Just when you thought it was safe to go back…

“I was unconcious. I’d stopped breathing.”

Every so often, and with increasing frequency, I stumble across a book with an idea so great that I become consumed with jealousy that I didn’t get there first. It’s already happened this year with The Magicians and The Dinner, and now here again with Hall’s so-far-only novel, The Raw Shark Texts.

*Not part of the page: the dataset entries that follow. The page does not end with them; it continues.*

lemma esym_insert:
  assumes "finite I" and "a \<notin> I"
  shows "esym m \<kappa> (insert a I) = esym m \<kappa> I + \<kappa> a * esym (m - 1) \<kappa> I"
proof (cases "m \<le> 0")
  case True
  then show ?thesis
    using assms(1) by (cases "m = 0") (simp_all add: esym_0 esym_neg)
next
  case False
  then obtain m' where m: "nat m = Suc m'" "nat (m - 1) = m'" "\<not> m < 0" "\<not> m - 1 < 0"
    by (cases "nat m") auto
  let ?sets = "\<lambda>j. {S. S \<subseteq> I \<and> card S = j}"
  have inj: "inj_on (insert a) (?sets m')"
  proof (rule inj_onI)
    fix S T assume "S \<in> ?sets m'" "T \<in> ?sets m'" "insert a S = insert a T"
    moreover have "a \<notin> S" "a \<notin> T"
      using calculation(1,2) assms(2) by auto
    ultimately show "S = T"
      by (metis Diff_insert_absorb)
  qed
  have "esym m \<kappa> (insert a I) = (\<Sum>S\<in>?sets (Suc m') \<union> insert a ` ?sets m'. \<Prod>j\<in>S. \<kappa> j)"
    using m assms by (simp add: esym_def subsets_card_Suc_insert)
  also have "\<dots> = (\<Sum>S\<in>?sets (Suc m'). \<Prod>j\<in>S. \<kappa> j) + (\<Sum>S\<in>insert a ` ?sets m'. \<Prod>j\<in>S. \<kappa> j)"
    using assms by (intro sum.union_disjoint) auto
  also have "(\<Sum>S\<in>insert a ` ?sets m'. \<Prod>j\<in>S. \<kappa> j) = (\<Sum>S\<in>?sets m'. \<Prod>j\<in>insert a S. \<kappa> j)"
    using inj by (simp add: sum.reindex)
  also have "\<dots> = (\<Sum>S\<in>?sets m'. \<kappa> a * (\<Prod>j\<in>S. \<kappa> j))"
    using assms by (intro sum.cong refl prod.insert) (auto dest: finite_subset)
  finally show ?thesis
    using m by (simp add: esym_def sum_distrib_left)
qed

lemma esym_insert_Suc:
  "finite I \<Longrightarrow> a \<notin> I \<Longrightarrow>
    esym (int (Suc m)) \<kappa> (insert a I) = esym (int (Suc m)) \<kappa> I + \<kappa> a * esym (int m) \<kappa> I"
  using esym_insert[of I a "int (Suc m)" \<kappa>] by simp

lemma esym_set_eq_list_esym:
  "distinct xs \<Longrightarrow> esym (int m) \<kappa> (set xs) = list_esym m (map \<kappa> xs)"
proof (induction xs arbitrary: m)
  case Nil
  then show ?case
    by (cases m) (simp_all add: esym_0 esym_eq_0)
next
  case (Cons x xs)
  show ?case
  proof (cases m)
    case (Suc m')
    have shift: "int (Suc m') - 1 = int m'"
      by simp
    show ?thesis
      using Cons Suc by (simp add: esym_insert shift del: of_nat_Suc)
  qed (simp add: esym_0)
qed

lemma esym_eq_list_esym:
  "finite I \<Longrightarrow> esym (int m) \<kappa> I = list_esym m (map \<kappa> (sorted_list_of_set I))"
  using esym_set_eq_list_esym[of "sorted_list_of_set I" m \<kappa>] by simp

lemma esym_newton:
  "finite I \<Longrightarrow> esym (int m) \<kappa> I * esym (int (m + 2)) \<kappa> I \<le> (esym (int (m + 1)) \<kappa> I)\<^sup>2"
  by (simp only: esym_eq_list_esym list_esym_newton)

lemma esym_Suc_le:
  assumes "finite I" and "\<forall>i\<le>j. 0 < esym (int i) \<kappa> I"
  shows "real (Suc j) * real (card I) * esym (int (Suc j)) \<kappa> I
    \<le> real (card I - j) * esym 1 \<kappa> I * esym (int j) \<kappa> I"
proof -
  have "esym 1 \<kappa> I = list_esym 1 (map \<kappa> (sorted_list_of_set I))"
    using esym_eq_list_esym[OF assms(1), of 1 \<kappa>] by simp
  then show ?thesis
    using list_esym_Suc_le[of j "map \<kappa> (sorted_list_of_set I)"] assms
    by (simp add: esym_eq_list_esym del: One_nat_def flip: of_nat_Suc)
qed

lemma esym_1: "finite I \<Longrightarrow> esym 1 \<kappa> I = sum \<kappa> I"
  by (induction I rule: finite_induct) (simp_all add: esym_eq_0 esym_insert esym_0)

lemma esym_Suc_le_max:
  assumes "finite I" and "\<forall>i\<le>j. 0 < esym (int i) \<kappa> I" and "\<forall>x\<in>I. \<kappa> x \<le> M"
  shows "real (Suc j) * esym (int (Suc j)) \<kappa> I \<le> real (card I - j) * M * esym (int j) \<kappa> I"
proof (cases "I = {}")
  case True
  then show ?thesis
    by (simp add: esym_eq_0)
next
  case False
  then have "0 < real (card I)"
    using assms(1) by (simp add: card_gt_0_iff)
  have "esym 1 \<kappa> I \<le> real (card I) * M"
    using esym_1[OF assms(1)] sum_bounded_above[of I \<kappa> M] assms(3) by simp
  have "real (card I) * (real (Suc j) * esym (int (Suc j)) \<kappa> I)
      = real (Suc j) * real (card I) * esym (int (Suc j)) \<kappa> I"
    by (simp add: mult_ac)
  also have "\<dots> \<le> real (card I - j) * esym 1 \<kappa> I * esym (int j) \<kappa> I"
    by (rule esym_Suc_le[OF assms(1,2)])
  also have "\<dots> \<le> real (card I - j) * (real (card I) * M) * esym (int j) \<kappa> I"
    using \<open>esym 1 \<kappa> I \<le> real (card I) * M\<close> assms(2)
    by (intro mult_right_mono mult_left_mono) auto
  also have "\<dots> = real (card I) * (real (card I - j) * M * esym (int j) \<kappa> I)"
    by (simp add: mult_ac)
  finally have "real (card I) * (real (Suc j) * esym (int (Suc j)) \<kappa> I)
      \<le> real (card I) * (real (card I - j) * M * esym (int j) \<kappa> I)" .
  with \<open>0 < real (card I)\<close> show ?thesis
    by (simp only: mult_le_cancel_left_pos)
qed

section \<open>The cones Gamma_k\<close>

definition Gamma_on :: "nat \<Rightarrow> (nat \<Rightarrow> real) \<Rightarrow> nat set \<Rightarrow> bool" where
  "Gamma_on k \<kappa> I \<longleftrightarrow> (\<forall>m\<in>{1..k}. 0 < esym (int m) \<kappa> I)"

lemma Gamma_on_esym_pos: "finite I \<Longrightarrow> Gamma_on k \<kappa> I \<Longrightarrow> m \<le> k \<Longrightarrow> 0 < esym (int m) \<kappa> I"
  by (cases m) (auto simp: Gamma_on_def esym_0 simp del: of_nat_Suc)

Recommended by a friend, I found my copy in a second hand store and thought I’d give it a go. Despite said friend not steering me wrong in literary choices before (he’s the reason for my small but solid fondness for Paul Auster), I wasn’t sure how I was going to feel about this book. Basically, I didn’t think I was going to be keen. The blurb was vague, flicking through revealed cheap but attractive tricks and and I wondered what sort of thing I was getting myself in for.

I needn’t have worried.

Eric Sanderson wakes up without his memories, with no idea of where he is, how he got there, or who he is. He finds a note from himself telling him to go to Dr Randle and she will explain things to him. She explains that this is the eleventh time he’s done this, and each time he sees her, he has fewer and fewer of his memories. She also tells him not to read any letters or messages from his past selves as they may be dangerous. She also gently lets him know that his mental issues began after his girlfriend, Clio Aames, died while they were on holiday in Greece.

Eric returns to as normal a life as he can manage, just him and his fat ginger tom Ian, and a year later, he’s feeling pretty stable, busily ignoring the almost constant stream of letters and packages from his past self, putting them in the kitchen cupboard and not reading them. However, when his television tries to attack him and it becomes clear that something very strange is happening, he begins to read.

Thus begins his journey of discovery. He is being hunted by a conceptual shark, a Ludovician, a creature that exists in his mind and feeds on his memories. Life will find a way, as Darwin said, and now life has formed inside language and thought, and some of it is very dangerous. He discovers someone else who can help him, Dr Trey Fidorus, the world’s only cryptoconceptual oceanologist, and sets off to find him, taking Ian with him. From then on, things only get more and more complicated…

The idea of a conceptual shark is absolutely breathtaking and beautiful in equal measure. There is in fact and entire ecosystem of conceptual creatures, some of which we meet over the course of the novel, others that are merely discussed or hinted at. The novel uses innovative forms to really add impact to the writing, such as including diagrams, codes, letters spaced out across the page in unusual patterns and, most fascinatingly of all, a shark made of words and letters, stalking Eric and the reader through several otherwise blank pages.

The ending, annoyingly, feels a little bit flat to me, leaving a few questions still outstanding, but I can live with it. It ends on a note of hope, and the preceding events more than make up for an excellent story which involves a man determined to live forever, a cavern system made of paper and the most enchanting cat in recent fiction.

Neil Gaiman fans will get a lot out of this, but then again I think anyone can. Anyone who believes in the power of words and books the way I do will also find great comfort here.

An outstanding, beautiful, excellently-crafted read.